How to complete this task: Among the entries below, find the lines with the word "using" and copy them.

─── Source records ───

lemma has_integral_translate:
  fixes \<Psi> :: "complex \<Rightarrow> complex"
  assumes C: "compact C" and z: "\<And>z. z \<notin> C \<Longrightarrow> \<Psi> z = 0" and c: "continuous_on UNIV \<Psi>"
  shows "((\<lambda>t. \<Psi> (t + c)) has_integral integral UNIV \<Psi>) UNIV"
proof -
  have "compact (C \<union> (\<lambda>t. t - c) ` C)"
    using C by (intro compact_Un compact_continuous_image continuous_intros) auto
  then obtain a where a: "C \<union> (\<lambda>t. t - c) ` C \<subseteq> cbox (-a) a"
    using bounded_subset_cbox_symmetric[OF compact_imp_bounded] by metis
  have I: "(\<Psi> has_integral integral (cbox (-a) a) \<Psi>) UNIV"
    by (rule has_integral_cbox_UNIV[OF c z]) (use a in auto)
  have Ib: "(\<Psi> has_integral integral (cbox (-a) a) \<Psi>) (cbox (-a) a)"
    using integrable_continuous[OF continuous_on_subset[OF c]] by (simp add: integrable_integral)
  from has_integral_affinity[OF Ib, of 1 c]
  have "((\<lambda>x. \<Psi> (x + c)) has_integral integral (cbox (-a) a) \<Psi>) ((\<lambda>x. x + - c) ` cbox (-a) a)"
    by simp
  hence "((\<lambda>x. \<Psi> (x + c)) has_integral integral (cbox (-a) a) \<Psi>) UNIV"
  proof (rule has_integral_on_superset)
    fix x assume x: "x \<notin> (\<lambda>x. x + - c) ` cbox (-a) a"
    have "x + c \<notin> C"
    proof
      assume "x + c \<in> C"
      hence "x + c \<in> cbox (-a) a" using a by auto
      hence "x \<in> (\<lambda>x. x + - c) ` cbox (-a) a" by (intro image_eqI[of _ _ "x + c"]) auto
      thus False using x by blast
    qed
    thus "\<Psi> (x + c) = 0" using z by blast
  qed auto
  moreover have "integral UNIV \<Psi> = integral (cbox (-a) a) \<Psi>" using I by (simp add: integral_unique)
  ultimately show ?thesis by simp
qed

───

Answer section:
    using C by (intro compact_Un compact_continuous_image continuous_intros) auto
    using bounded_subset_cbox_symmetric[OF compact_imp_bounded] by metis
    using integrable_continuous[OF continuous_on_subset[OF c]] by (simp add: integrable_integral)
      hence "x + c \<in> cbox (-a) a" using a by auto
      thus False using x by blast
    thus "\<Psi> (x + c) = 0" using z by blast
  moreover have "integral UNIV \<Psi> = integral (cbox (-a) a) \<Psi>" using I by (simp add: integral_unique)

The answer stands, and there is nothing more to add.